Le ministère de l’Intérieur avait pourtant adressé aux préfets une circulaire rappelant l’obligation de neutralité des services publics et les risques de troubles à l’ordre public. Selon le décompte des autorités, cinquante-deux communes ont passé outre cette injonction. Certaines, comme Malakoff, font déjà l’objet de poursuites judiciaires et se voient astreintes à des amendes pour retard dans le retrait du drapeau.
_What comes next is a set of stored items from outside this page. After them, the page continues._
text \<open>The type class of \<open>g\<close> has probability at most \<open>1\<close> under \<open>g\<^sup>n\<close>; comparing the
  probabilities of one sequence under \<open>g\<^sup>n\<close> and \<open>f\<^sub>0\<^sup>n\<close> gives the factor \<open>exp (-n I(g\<parallel>f\<^sub>0))\<close>.\<close>
lemma prob_type_class_le:
  fixes p :: "'a::finite pmf"
  assumes n: "1 \<le> n" and g: "g = empirical y n" and supp: "\<And>a. pmf p a = 0 \<Longrightarrow> g a = 0"
  shows "measure_pmf.prob (Pi_pmf {..<n} undefined (\<lambda>_. p)) {x. empirical x n = g}
       \<le> exp (- (real n * KL_real g (pmf p)))"
proof -
  define c where "c a = card {k. k < n \<and> y k = a}" for a
  define N where "N = real (card ({x. empirical x n = g} \<inter> PiE {..<n} (\<lambda>_. UNIV)))"
  have gc: "g a = real (c a) / real n" for a by (simp add: g empirical_def c_def)
  have gP: "g \<in> PMFs" using empirical_in_PMFs[OF n] g by simp
  hence g0: "\<And>a. 0 \<le> g a" by (simp add: PMFs_def)
  have "(\<integral>\<^sup>+a. ennreal (g a) \<partial>count_space UNIV) = 1"
    using gP by (simp add: PMFs_def nn_integral_count_space_finite)
  hence pmf_g: "pmf (embed_pmf g) a = g a" for a by (rule pmf_embed_pmf[OF g0])
  have "measure_pmf.prob (Pi_pmf {..<n} undefined (\<lambda>_. embed_pmf g)) {x. empirical x n = g}
      = N * (\<Prod>a\<in>UNIV. g a ^ c a)"
    using prob_type_class[OF n, of "embed_pmf g" y] by (simp add: N_def c_def g[symmetric] pmf_g)
  hence "N * (\<Prod>a\<in>UNIV. g a ^ c a) \<le> 1" by (metis measure_pmf.prob_le_1)
  have power_eq: "pmf p a ^ c a = g a ^ c a * exp (- (real n * (g a * ln (g a / pmf p a))))" for a
  proof (cases "g a = 0")
    case False
    hence "0 < g a" "0 < pmf p a" using g0[of a] supp[of a] by (auto simp: less_le)
    moreover have "real n * g a = real (c a)" using gc[of a] n by simp
    ultimately have "- (real n * (g a * ln (g a / pmf p a))) = real (c a) * ln (pmf p a) - real (c a) * ln (g a)"
      by (simp add: ln_div algebra_simps flip: mult.assoc)
    moreover have "pmf p a ^ c a = exp (real (c a) * ln (pmf p a))" "g a ^ c a = exp (real (c a) * ln (g a))"
      using \<open>0 < g a\<close> \<open>0 < pmf p a\<close> by (simp_all add: exp_ln ln_realpow[symmetric])
    ultimately show ?thesis by (simp add: exp_add[symmetric])
  qed (use gc n in simp)
  have "measure_pmf.prob (Pi_pmf {..<n} undefined (\<lambda>_. p)) {x. empirical x n = g}
      = N * (\<Prod>a\<in>UNIV. g a ^ c a) * exp (- (real n * KL_real g (pmf p)))"
    using prob_type_class[OF n, of p y]
    by (simp add: N_def c_def[symmetric] g[symmetric] power_eq prod.distrib
        KL_real_def exp_sum sum_distrib_left sum_negf[symmetric])
  also have "\<dots> \<le> exp (- (real n * KL_real g (pmf p)))"
    using \<open>N * (\<Prod>a\<in>UNIV. g a ^ c a) \<le> 1\<close> by (simp add: mult_left_le_one_le)
  finally show ?thesis .
qed

section \<open>The false-alarm bound\<close>

lemma prob_type_class_Gamma1_le:
  fixes q :: "('a::finite \<Rightarrow> real) \<Rightarrow> real" and f0 :: "'a pmf"
  assumes qc: "quasiconcave_on PMFs q"
    and lip: "\<forall>f\<in>PMFs. \<forall>g\<in>PMFs. \<bar>q f - q g\<bar> \<le> L * l1dist f g"
    and fs: "is_IProj q cS (pmf f0) fs" and n: "1 \<le> n" and g: "g \<in> Gamma1 q cS cD fs n"
  shows "measure_pmf.prob (Pi_pmf {..<n} undefined (\<lambda>_. f0)) {x. empirical x n = g}
       \<le> exp (- (real n * (cD + (max (cS - q (pmf f0)) 0)^2 / (2 * L^2))))"
proof -
  obtain y where y: "g = empirical y n" and gq: "cS \<le> q g" and gD: "ereal cD \<le> KL g fs"
    using g by (auto simp: Gamma1_def emp_types_def)
  have gP: "g \<in> PMFs" using empirical_in_PMFs[OF n] y by simp
  have f0P: "pmf f0 \<in> PMFs" by (auto simp: PMFs_def sum_pmf_eq_1)
  show ?thesis
  proof (cases "\<forall>a. pmf f0 a = 0 \<longrightarrow> g a = 0")
    case False
    then obtain a where "pmf f0 a = 0" "empirical y n a \<noteq> 0" using y by auto
    hence "measure_pmf.prob (Pi_pmf {..<n} undefined (\<lambda>_. f0)) {x. empirical x n = g} = 0"
      using prob_type_class_eq_0[OF n] y by simp
    thus ?thesis by simp
  next
    case True
    hence supp: "\<And>a. pmf f0 a = 0 \<Longrightarrow> g a = 0" by blast
    note pyth = is_IProj_pythagorean[OF qc f0P fs gP gq supp]
    have "KL g fs = ereal (KL_real g fs)" using pyth(2) by (rule KL_eq_ereal_KL_real)
    hence "cD \<le> KL_real g fs" using gD by simp
    moreover have "(max (cS - q (pmf f0)) 0)^2 / (2 * L^2) \<le> KL_real fs (pmf f0)"
      using is_IProj_KL_real_lower_bound[OF lip f0P fs pyth(1)] .
    ultimately have "cD + (max (cS - q (pmf f0)) 0)^2 / (2 * L^2) \<le> KL_real g (pmf f0)"
      using pyth(3) by linarith
    hence "exp (- (real n * KL_real g (pmf f0)))
        \<le> exp (- (real n * (cD + (max (cS - q (pmf f0)) 0)^2 / (2 * L^2))))"
      by (simp add: mult_left_mono)
    thus ?thesis using prob_type_class_le[where p = f0, OF n y supp] by linarith
  qed
qed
Les maires concernés justifient leur geste par la volonté de soutenir une solution à deux États et de promouvoir la paix. Le maire de Lyon, Grégory Doucet, a ainsi estimé que l’absence d’État palestinien favorisait l’émergence de groupes terroristes. À Saint-Denis, Mathieu Hanotin a défendu cette initiative comme un plaidoyer pour une résolution durable du conflit.
D’autres villes ont opté pour un affichage plus équilibré, en hissant conjointement les drapeaux israélien et palestinien, à l’image de Saint-Ouen. Paris a projeté les deux emblèmes sur la tour Eiffel, accompagnés d’un symbole de paix, une initiative diversement appréciée.
La question du pavoisement des édifices publics n’est pas nouvelle et soulève des interrogations juridiques quant à la limite entre expression d’une solidarité légitime et manquement au devoir de neutralité. Si certains juristes estiment que cette action s’inscrit dans le cadre de la position officielle de la France, d’autres y voient une prise de position politique contraire aux principes républicains.
Face à cette mobilisation locale, l’Élysée est resté silencieux, choisissant de ne pas commenter publiquement ces initiatives.